(INFORMATION SUPPLIED)

(* Let $U_n\subset C^n([a,b],\mathbb{K})$ ($\mathbb{K}=\mathbb{R}$ or $\mathbb{C}$, $a\ne b$) be a subspace of dimension $n+1$ possessing a Bernstein basis $p_{n,0},\dots,p_{n,n}$ for $\{a,b\}$ that is locally non-negative at $\{a,b\}$. Let $f_0\in U_n$ be strictly positive and assume that $D_{f_0}U_n$ possesses a Bernstein basis $q_{n-1,0},\dots,q_{n-1,n-1}$ for $\{a,b\}$ that is locally non-negative at $\{a,b\}$. Then the coefficients $\beta_0,\dots,\beta_n$ in the expansion $f_0=\sum_{k=0}^n\beta_kp_{n,k}$ are all positive.
   Context: A function $f\in C^m([a,b],\mathbb{K})$ has a zero of order $k$ at $c$ if $f(c)=\dots=f^{(k-1)}(c)=0$ and $f^{(k)}(c)\ne0$ (one-sided derivatives at endpoints). For an $(m+1)$-dimensional space $V\subset C^m([a,b],\mathbb{K})$, a Bernstein basis for $\{a,b\}$ is a system $p_{m,0},\dots,p_{m,m}$ in $V$ such that each $p_{m,k}$ has a zero of order exactly $k$ at $a$ and of order exactly $m-k$ at $b$. It is locally non-negative at $\{a,b\}$ if its functions are real-valued and there is $\delta>0$ with $p_{m,k}(x)\ge0$ for all $k$ and all $x\in[a,a+\delta)\cup(b-\delta,b]$. For strictly positive (real-valued, $>0$ on $[a,b]$) $f_0\in U_n$, $D_{f_0}U_n:=\{\frac{d}{dx}(f/f_0):f\in U_n\}$. *)

theory Defs
  imports "HOL-Analysis.Analysis"
begin

text \<open>Scalars: the field K is modelled by a type of class real_normed_field
  (in practice real or complex).  Functions on [a,b] are functions real => K
  whose values outside [a,b] are irrelevant; all derivatives are taken within
  {a..b}, so at the endpoints they are the one-sided derivatives.\<close>

primrec hder :: "real \<Rightarrow> real \<Rightarrow> nat \<Rightarrow> (real \<Rightarrow> 'a::real_normed_vector) \<Rightarrow> real \<Rightarrow> 'a" where
  "hder a b 0 f = f"
| "hder a b (Suc k) f = (\<lambda>x. vector_derivative (hder a b k f) (at x within {a..b}))"

definition Cm_on :: "nat \<Rightarrow> real \<Rightarrow> real \<Rightarrow> (real \<Rightarrow> 'a::real_normed_vector) \<Rightarrow> bool" where
  "Cm_on m a b f \<longleftrightarrow>
     (\<forall>k\<le>m. continuous_on {a..b} (hder a b k f)) \<and>
     (\<forall>k<m. \<forall>x\<in>{a..b}. (hder a b k f has_vector_derivative hder a b (Suc k) f x) (at x within {a..b}))"
lemma class_rep_abs_cases:
  assumes "t \<le> n" "1 \<le> k" "k \<le> int n"
  obtains "class_rep_abs n t k = (if even t then k else - k)"
  | "class_rep_abs n t k = k - 1" "class_rep_abs n t (k - 1) = k" "2 \<le> k"
  | "class_rep_abs n t k = k + 1" "class_rep_abs n t (k + 1) = k" "k + 1 \<le> int n"
proof -
  define K where "K = int n - 2 * int (t div 2)"
  have "0 \<le> K" "even (int n - K)" using assms(1) unfolding K_def by auto
  then have "k \<le> K \<or> (K < k \<and> even (k - K) \<and> K + 2 \<le> k) \<or> (K < k \<and> odd (k - K) \<and> k + 1 \<le> int n)"
    using assms(2,3) by presburger
  with that \<open>0 \<le> K\<close> assms(2) show thesis
    unfolding class_rep_abs_def K_def[symmetric] Let_def by (auto split: if_splits)
qed

lemma class_rep_odd: "class_rep n t (- i) = - class_rep n t i"
  by (simp add: class_rep_def)

lemma class_rep_pos: "1 \<le> k \<Longrightarrow> k \<le> int n \<Longrightarrow> class_rep n t k = class_rep_abs n t k"
  by (simp add: class_rep_def)

lemma class_rep_pos_in_and_involution:
  assumes "t \<le> n" "1 \<le> k" "k \<le> int n"
  shows "class_rep n t k \<in> sym_interval n \<and> class_rep n t (class_rep n t k) = k"
proof (rule class_rep_abs_cases[OF assms])
  assume "class_rep_abs n t k = (if even t then k else - k)"
  then show ?thesis using assms(2,3) by (simp add: class_rep_pos class_rep_odd)
next
  assume "class_rep_abs n t k = k - 1" "class_rep_abs n t (k - 1) = k" "2 \<le> k"
  then show ?thesis using assms(2,3) by (simp add: class_rep_pos)
next
  assume "class_rep_abs n t k = k + 1" "class_rep_abs n t (k + 1) = k" "k + 1 \<le> int n"
  then show ?thesis using assms(2,3) by (simp add: class_rep_pos)
qed

lemma class_rep_in_and_involution:
  assumes "t \<le> n" "i \<in> sym_interval n"
  shows "class_rep n t i \<in> sym_interval n \<and> class_rep n t (class_rep n t i) = i"
proof -
  consider "1 \<le> i" | "1 \<le> - i" | "i = 0" by linarith
  then show ?thesis
  proof cases
    case 1
    then show ?thesis using class_rep_pos_in_and_involution[OF assms(1) 1] assms(2) by simp
  next
    case 2
    then have "class_rep n t (- i) \<in> sym_interval n \<and> class_rep n t (class_rep n t (- i)) = - i"
      using class_rep_pos_in_and_involution[OF assms(1) 2] assms(2) by simp
    then show ?thesis by (simp add: class_rep_odd)
  next
    case 3
    then show ?thesis by (simp add: class_rep_def)
  qed
qed

lemma class_rep_signed_perm:
  assumes "t \<le> n"
  shows "class_rep n t \<in> signed_perms n"
proof -
  have "bij_betw (class_rep n t) (sym_interval n) (sym_interval n)"
  proof (rule bij_betw_byWitness[where f' = "class_rep n t"])
    show "\<forall>i\<in>sym_interval n. class_rep n t (class_rep n t i) = i"
      and "\<forall>i\<in>sym_interval n. class_rep n t (class_rep n t i) = i"
      and "class_rep n t ` sym_interval n \<subseteq> sym_interval n"
      and "class_rep n t ` sym_interval n \<subseteq> sym_interval n"
      using class_rep_in_and_involution[OF assms] by blast+
  qed
  moreover have "\<forall>i. class_rep n t (- i) = - class_rep n t i" by (simp add: class_rep_odd)
  moreover have "\<forall>i. \<bar>i\<bar> > int n \<longrightarrow> class_rep n t i = i" by (auto simp: class_rep_def abs_if)
  ultimately show ?thesis unfolding signed_perms_def by blast
qed

lemma ascent_class_rep:
  assumes "t \<le> n" "j < n"
  defines "K \<equiv> n - 2 * (t div 2)"
  shows "ascent (class_rep n t) j = (if j < K then even t else even (j - K))"
proof -
  have K: "int K = int n - 2 * int (t div 2)" "even (n - K)"
    using assms(1) unfolding K_def by auto
  have val: "class_rep n t k = (if k \<le> int K then (if even t then k else - k)
      else if even (k - int K) then k - 1 else k + 1)" if "1 \<le> k" "k \<le> int n" for k
    using that by (simp add: class_rep_pos class_rep_abs_def Let_def K(1))
  have zero: "class_rep n t 0 = 0" by (simp add: class_rep_def)
  consider "j < K" | "j = K" | "K < j" "even (j - K)" | "K < j" "odd (j - K)" by linarith
  then show ?thesis
  proof cases
    case 1
    then show ?thesis using assms(2) by (cases "j = 0") (auto simp: ascent_def val zero)
  next
    case 2
    then show ?thesis using assms(2) by (cases "j = 0") (auto simp: ascent_def val zero)
  next
    case 3
    then have "int j - int K = int (j - K)" "int j + 1 - int K = int (j - K) + 1" by auto
    with 3 have "even (int j - int K)" "odd (int j + 1 - int K)" by simp_all
    then have "class_rep n t (int j) = int j - 1" "class_rep n t (int j + 1) = int j + 2"
      using val[of "int j"] val[of "int j + 1"] 3 assms(2) by simp_all
    with 3 show ?thesis by (simp add: ascent_def)
  next
    case 4
    then have "int j - int K = int (j - K)" "int j + 1 - int K = int (j - K) + 1" by auto
    with 4 have "odd (int j - int K)" "even (int j + 1 - int K)" by simp_all
    then have "class_rep n t (int j) = int j + 1" "class_rep n t (int j + 1) = int j"
      using val[of "int j"] val[of "int j + 1"] 4 assms(2) K(2) by simp_all
    with 4 show ?thesis by (simp add: ascent_def)
  qed
qed

lemma nth_zigzag: "m < 2 * p \<Longrightarrow> zigzag p ! m = even m"
proof (induction p arbitrary: m)
  case (Suc p)
  consider "m = 0" | "m = 1" | m' where "m = Suc (Suc m')" by (metis One_nat_def not0_implies_Suc)
  then show ?case using Suc by cases (auto simp: zigzag_Suc)
qed simp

(End INFORMATION SUPPLIED)

TASK REQUIREMENTS: Transcribe the listing above line for line, from the first line to the line containing "k f)) \<and>", inclusive, with no other lines.

ANSWER SPACE:
(* Let $U_n\subset C^n([a,b],\mathbb{K})$ ($\mathbb{K}=\mathbb{R}$ or $\mathbb{C}$, $a\ne b$) be a subspace of dimension $n+1$ possessing a Bernstein basis $p_{n,0},\dots,p_{n,n}$ for $\{a,b\}$ that is locally non-negative at $\{a,b\}$. Let $f_0\in U_n$ be strictly positive and assume that $D_{f_0}U_n$ possesses a Bernstein basis $q_{n-1,0},\dots,q_{n-1,n-1}$ for $\{a,b\}$ that is locally non-negative at $\{a,b\}$. Then the coefficients $\beta_0,\dots,\beta_n$ in the expansion $f_0=\sum_{k=0}^n\beta_kp_{n,k}$ are all positive.
   Context: A function $f\in C^m([a,b],\mathbb{K})$ has a zero of order $k$ at $c$ if $f(c)=\dots=f^{(k-1)}(c)=0$ and $f^{(k)}(c)\ne0$ (one-sided derivatives at endpoints). For an $(m+1)$-dimensional space $V\subset C^m([a,b],\mathbb{K})$, a Bernstein basis for $\{a,b\}$ is a system $p_{m,0},\dots,p_{m,m}$ in $V$ such that each $p_{m,k}$ has a zero of order exactly $k$ at $a$ and of order exactly $m-k$ at $b$. It is locally non-negative at $\{a,b\}$ if its functions are real-valued and there is $\delta>0$ with $p_{m,k}(x)\ge0$ for all $k$ and all $x\in[a,a+\delta)\cup(b-\delta,b]$. For strictly positive (real-valued, $>0$ on $[a,b]$) $f_0\in U_n$, $D_{f_0}U_n:=\{\frac{d}{dx}(f/f_0):f\in U_n\}$. *)

theory Defs
  imports "HOL-Analysis.Analysis"
begin

text \<open>Scalars: the field K is modelled by a type of class real_normed_field
  (in practice real or complex).  Functions on [a,b] are functions real => K
  whose values outside [a,b] are irrelevant; all derivatives are taken within
  {a..b}, so at the endpoints they are the one-sided derivatives.\<close>

primrec hder :: "real \<Rightarrow> real \<Rightarrow> nat \<Rightarrow> (real \<Rightarrow> 'a::real_normed_vector) \<Rightarrow> real \<Rightarrow> 'a" where
  "hder a b 0 f = f"
| "hder a b (Suc k) f = (\<lambda>x. vector_derivative (hder a b k f) (at x within {a..b}))"

definition Cm_on :: "nat \<Rightarrow> real \<Rightarrow> real \<Rightarrow> (real \<Rightarrow> 'a::real_normed_vector) \<Rightarrow> bool" where
  "Cm_on m a b f \<longleftrightarrow>
     (\<forall>k\<le>m. continuous_on {a..b} (hder a b k f)) \<and>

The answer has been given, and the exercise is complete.